The drinking of blood had been strongly prohibited by the Torah such that all animal sacrifices would need to be drained of blood before they could be consumed. The reason was that the life of the animal was in the blood and that life belonged to God (see Leviticus 17:14). But now it was precisely through the blood of his human body that Jesus desired to share his own divine life with the world. He was God, and this blood belonged to him to do with what he chose.
Whoever eats my Flesh and drinks my Blood
has eternal life,
and I will raise him on the last day.
The blood of bulls and goats could not take away sin (see Hebrews 4:10). The blood of the Paschal lamb in Egypt caused the angel of death not to slay the first born of the Israelites, but even marked by that blood they would all still die eventually. Only the blood of Jesus could truly take away sin and grant eternal life. There is so much we can learn from the deeply physical remedy Jesus provided to the problems of sin and death. Among them is how deeply ingrained into the material world that the problem of sin has become, affecting not just the souls of men and women, but also their bodies. But fortunately it also implies that the redemption Jesus desires for us is not merely to provide a Platonic escape route for disembodied souls. He desires to save bodies as well. The goodness of creation was compromised by sin, but not lost. It is in the Flesh and Blood of Jesus himself that it is restored. The further we distance ourselves from the reality of the Eucharist the more we also distance ourselves from the full reality, physical and spiritual, of our redemption.
Whoever eats my Flesh and drinks my Blood
remains in me and I in him.
We might have imagined that Jesus would have desired to establish a communion with us that was entirely spiritual, something utterly untethered to our material circumstances, available to us at any moment and in any place. But in just the same way that Jesus made himself the necessary locus of obtaining wisdom, so too did he make his Flesh and Blood the locus of the true communion. Widely available though it was to be it was nevertheless not going to be up to us to seek it anywhere we felt like seeking it. It was the oddly specific particularity of his offer that defined where salvation was to be found. To receive salvation and grow in communion we must learn to accept this offer, which no one would have guessed in advance, which sometimes seems strange even to those with faith in Jesus. Receiving his teaching requires thinking in a higher mode than the merely empirical and material perspectives that usually guide us. It requires, as he insisted, being drawn by the Father in the darkness of faith. The words Jesus spoke were Spirit and life, and only by the gift of the Spirit can we truly receive them.
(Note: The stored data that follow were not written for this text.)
lemma coef_closed_form:
  assumes "k \<le> m" "k \<le> n" "i \<le> m" "j \<le> n" "k \<le> i + j"
  shows "of_nat (fact k * fact (m - k) * fact (n - k)) * coef m n k i j
    = of_int (int (fact (i + j - k) * fact (m - i) * fact (n - j)) * coef_sum k (m - k) (n - k) (int i) (int j))"
proof -
  define K :: complex where "K = of_nat (fact k * fact (m - k) * fact (n - k))"
  define S where "S = coef_sum k (m - k) (n - k)"
  have "K * coef m n k i j = of_int (int (fact q * fact (m - i) * fact (n - j)) * S (int i) (int j))"
    if "i + j = k + q" "i \<le> m" "j \<le> n" for q i j
    using that
  proof (induction q arbitrary: i j)
    case 0
    then have "i \<le> k" "j = k - i" by auto
    then show ?case using coef_closed_form_initial[of i k m n] assms unfolding K_def S_def by simp
  next
    case (Suc q)
    define F :: nat where "F = fact q * fact (m - i) * fact (n - j)"
    have left: "K * (if 1 \<le> i then coef m n k (i - 1) j else 0)
        = of_int (int F * ((int m - int i + 1) * S (int i - 1) (int j)))"
    proof (cases "1 \<le> i")
      case True
      have "K * coef m n k (i - 1) j = of_int (int (fact q * fact (m - (i - 1)) * fact (n - j)) * S (int (i - 1)) (int j))"
        by (rule Suc.IH) (use Suc.prems True in auto)
      also have "\<dots> = of_int (int F * ((int m - int i + 1) * S (int i - 1) (int j)))"
        using True unfolding F_def of_nat_mult int_fact_diff_pred[OF True Suc.prems(2)]
        by (simp add: mult_ac)
      finally show ?thesis using True by simp
    qed (simp add: S_def coef_sum_neg_fst)
    have right: "K * (if 1 \<le> j then coef m n k i (j - 1) else 0)
        = of_int (int F * ((int n - int j + 1) * S (int i) (int j - 1)))"
    proof (cases "1 \<le> j")
      case True
      have "K * coef m n k i (j - 1) = of_int (int (fact q * fact (m - i) * fact (n - (j - 1))) * S (int i) (int (j - 1)))"
        by (rule Suc.IH) (use Suc.prems True in auto)
      also have "\<dots> = of_int (int F * ((int n - int j + 1) * S (int i) (int j - 1)))"
        using True unfolding F_def of_nat_mult int_fact_diff_pred[OF True Suc.prems(3)]
        by (simp add: mult_ac)
      finally show ?thesis using True by simp
    qed (simp add: S_def coef_sum_neg_snd)
    have ij: "k < i + j" using Suc.prems by simp
    have rec: "(int m - int i + 1) * S (int i - 1) (int j) + (int n - int j + 1) * S (int i) (int j - 1)
        = int (Suc q) * S (int i) (int j)"
    proof -
      have "int i + int j - int k = int (Suc q)" using Suc.prems by simp
      then show ?thesis using coef_sum_recurrence[of "int i" "int j" k "m - k" "n - k"] assms(1,2)
        unfolding S_def by (simp add: of_nat_diff)
    qed
    have "K * coef m n k i j = of_int (int F * (int (Suc q) * S (int i) (int j)))"
      unfolding coef_step[OF Suc.prems(2,3) ij] distrib_left left right rec[symmetric]
      by (simp only: of_int_add)
    also have "\<dots> = of_int (int (fact (Suc q) * fact (m - i) * fact (n - j)) * S (int i) (int j))"
      unfolding F_def by (simp only: fact_Suc of_nat_id of_nat_mult mult_ac)
    finally show ?case .
  qed
  from this[of i j "i + j - k"] show ?thesis using assms unfolding K_def S_def by simp
qed

lemma multinom3_mult_fact: "multinom3 a b c * (fact a * fact b * fact c) = fact (a + b + c)"
proof -
  have ab: "fact (a + b) = fact a * fact b * ((a + b) choose a)"
    using binomial_fact_lemma[of a "a + b"] by simp
  have "fact (a + b + c) = fact c * fact (a + b) * ((a + b + c) choose c)"
    using binomial_fact_lemma[of c "a + b + c"] by simp
  then have "fact (a + b + c) = fact a * fact b * fact c * (((a + b) choose a) * ((a + b + c) choose c))"
    unfolding ab by (simp only: mult_ac)
  then have "fact a * fact b * fact c dvd (fact (a + b + c) :: nat)" by (rule dvdI)
  then show ?thesis unfolding multinom3_def by simp
qed

lemma multinom3_mult_coef:
  assumes "k \<le> m" "k \<le> n" "i \<le> m" "j \<le> n" "k \<le> i + j" "i + j \<le> m + n - k"
  shows "of_nat (fact k * fact (m - k) * fact (n - k))
           * (of_nat (multinom3 (m - i) (n - j) (i + j - k)) * coef m n k i j)
       = of_nat (fact (m + n - k)) * of_int (coef_sum k (m - k) (n - k) (int i) (int j))"
proof -
  have "m - i + (n - j) + (i + j - k) = m + n - k" using assms by simp
  then have fact_eq: "multinom3 (m - i) (n - j) (i + j - k) * (fact (i + j - k) * fact (m - i) * fact (n - j))
      = fact (m + n - k)"
    using multinom3_mult_fact[of "m - i" "n - j" "i + j - k"] by (simp add: mult_ac)
  have "of_nat (fact k * fact (m - k) * fact (n - k))
           * (of_nat (multinom3 (m - i) (n - j) (i + j - k)) * coef m n k i j)
      = of_nat (multinom3 (m - i) (n - j) (i + j - k))
           * (of_nat (fact k * fact (m - k) * fact (n - k)) * coef m n k i j)"
    by (simp only: mult_ac)
  also have "\<dots> = of_nat (multinom3 (m - i) (n - j) (i + j - k) * (fact (i + j - k) * fact (m - i) * fact (n - j)))
      * of_int (coef_sum k (m - k) (n - k) (int i) (int j))"
    unfolding coef_closed_form[OF assms(1-5)] by (simp only: of_int_mult of_int_of_nat_eq of_nat_mult mult_ac)
  finally show ?thesis unfolding fact_eq .
qed

theorem proposition8p4:
  fixes m n k i j :: nat
  assumes "k \<le> min m n" and "i \<le> m" and "j \<le> n"
    and "k \<le> i + j" and "i + j \<le> m + n - k"
  shows "of_nat (multinom3 i j (m + n - k - i - j)) * coef m n k (m - i) (n - j)
       = (-1)^k * of_nat (multinom3 (m - i) (n - j) (i + j - k)) * coef m n k i j"
proof -
  have km: "k \<le> m" and kn: "k \<le> n" using assms(1) by simp_all
  define K :: complex where "K = of_nat (fact k * fact (m - k) * fact (n - k))"
  define S where "S = coef_sum k (m - k) (n - k)"
  have "m - (m - i) = i" "n - (n - j) = j" "m - i + (n - j) - k = m + n - k - i - j"
    using assms km by simp_all
  then have "K * (of_nat (multinom3 i j (m + n - k - i - j)) * coef m n k (m - i) (n - j))
      = of_nat (fact (m + n - k)) * of_int (S (int (m - i)) (int (n - j)))"
    using multinom3_mult_coef[of k m n "m - i" "n - j"] assms km kn unfolding K_def S_def by simp
  also have "S (int (m - i)) (int (n - j)) = (-1)^k * S (int i) (int j)"
    using coef_sum_reflect[of k "m - k" "n - k" "int i" "int j"] assms km kn
    unfolding S_def by (simp add: of_nat_diff)
  also have "of_nat (fact (m + n - k)) * of_int ((-1)^k * S (int i) (int j))
      = K * ((-1)^k * of_nat (multinom3 (m - i) (n - j) (i + j - k)) * coef m n k i j)"
    using multinom3_mult_coef[of k m n i j] assms km kn unfolding K_def S_def by (simp add: mult_ac)
  finally show ?thesis unfolding K_def by simp
qed

end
Saul, my brother, the Lord has sent me,
Jesus who appeared to you on the way by which you came,
that you may regain your sight and be filled with the Holy Spirit.
There is a real way in which we are blind to the things of faith until the Lord removes the scales from our eyes. In order to draw more deeply into the mystery of his life and love let us ask him to illuminate us, just as he did for Saul in Damascus. After he has done so we too may eat and truly recovery our spiritual strength. Then we too will be made strong as witnesses to proclaim Jesus, "that he is the Son of God".